I turned the postcard over. It was a simple tourist card, with a view of the Château d’If, the island prison off Marseille where Edmond Dantes, the hero of The Count of Monte Cristo, languished for so many years. I’d told Rachel that if I ever got to visit her, I wanted to see that famous island first thing. She’d laughed and teased me about being a bookworm.
I
went to bed, but couldn’t sleep. My mind wandered from the McLean party – where I’d ogled the Hope diamond, been seduced by a Frenchman, eaten caviar and drunk champagne, seen two men dancing together, chatted with a colored woman who was better dressed than I and met Clark Gable – to my fears for Rachel and her family. Terrible, awful fears.
Since I’d failed to speak to General Donovan at the party I was at a loss to know what to do for Rachel next. ‘Can you help us?’ she’d written. I felt hopeless and helpless.
Finally I fell asleep. It’s not surprising that a haunting dream disturbed my rest. In the dream I searched a frozen landscape strewn with corpses, inspired I’m sure by the pictures I’d seen in Life magazine. Of course I was looking for the remains of Rachel and Claude, turning over the bodies of every woman and child I saw. There were so many of them. And I wasn’t alone. Phoebe and Eleanor Roosevelt, holding hands and accompanied by Fala, sought their sons. I saw Clark Gable, in an Army Air Corps uniform, carrying a shovel, hunting for his wife’s grave. None of us found what we were looking for, and at last the dream dissolved into a new day.
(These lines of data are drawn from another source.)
theorem lemma1:
  fixes f g l :: "'a::euclidean_space \<Rightarrow> 'a" and h :: "'a \<Rightarrow> real" and xbar :: 'a and r :: nat
  assumes "smooth f" and "smooth g" and "smooth l" and "smooth h"
    and "stoch_rel_deg f g l h r xbar"
  shows "\<forall>\<^sub>F x in nhds xbar. \<forall>k. k \<le> r - 1 \<longrightarrow> (\<forall>\<xi>.
           Siter k f l h \<xi> x
             = Lie_iter k (\<lambda>y. f y - (1/2) *\<^sub>R frechet_derivative l (at y) (l y)) h x)"
proof -
  have "\<forall>\<^sub>F x in nhds xbar. \<forall>k. k + 2 \<le> r \<longrightarrow> Lie l (\<lambda>y. Siter k f l h 0 y) x = 0"
    using assms(5) unfolding stoch_rel_deg_def by blast
  then obtain U where "open U" "xbar \<in> U"
    and ND: "\<And>y k. y \<in> U \<Longrightarrow> k + 2 \<le> r \<Longrightarrow> Lie l (\<lambda>z. Siter k f l h 0 z) y = 0"
    unfolding eventually_nhds by blast
  have drift: "(\<lambda>y. f y - (1/2) *\<^sub>R frechet_derivative l (at y) (l y)) = stratonovich_drift f l"
    by (simp add: fun_eq_iff stratonovich_drift_def)
  show ?thesis
    unfolding eventually_nhds drift
  proof (intro exI[of _ U] conjI ballI allI impI)
    show "Siter k f l h \<xi> x = Lie_iter k (stratonovich_drift f l) h x"
      if "x \<in> U" "k \<le> r - 1" for x k \<xi>
      using Siter_eq_Lie_iter_stratonovich_drift[OF assms(1,3,4) \<open>open U\<close> ND] that by blast
  qed fact+
qed

end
It was a little after ten o’clock Thursday morning when Barbara snapped. I was longing for my coffee break, since I’d gotten so little sleep the night before. Ruth was loading files onto her file cart. Betty was typing yet another report, single-spaced, with nine sheets of carbon paper squeezed between ten sheets of typing paper.
Barbara rose from her chair, lifted her typewriter and flung it with all her strength across the room. It crashed against a wall and thudded to the floor, loose keys scattering everywhere. Betty held up her arms to fend off the airborne bail, and Ruth flinched. I got up from my seat to go to Barbara, but her expression stopped me.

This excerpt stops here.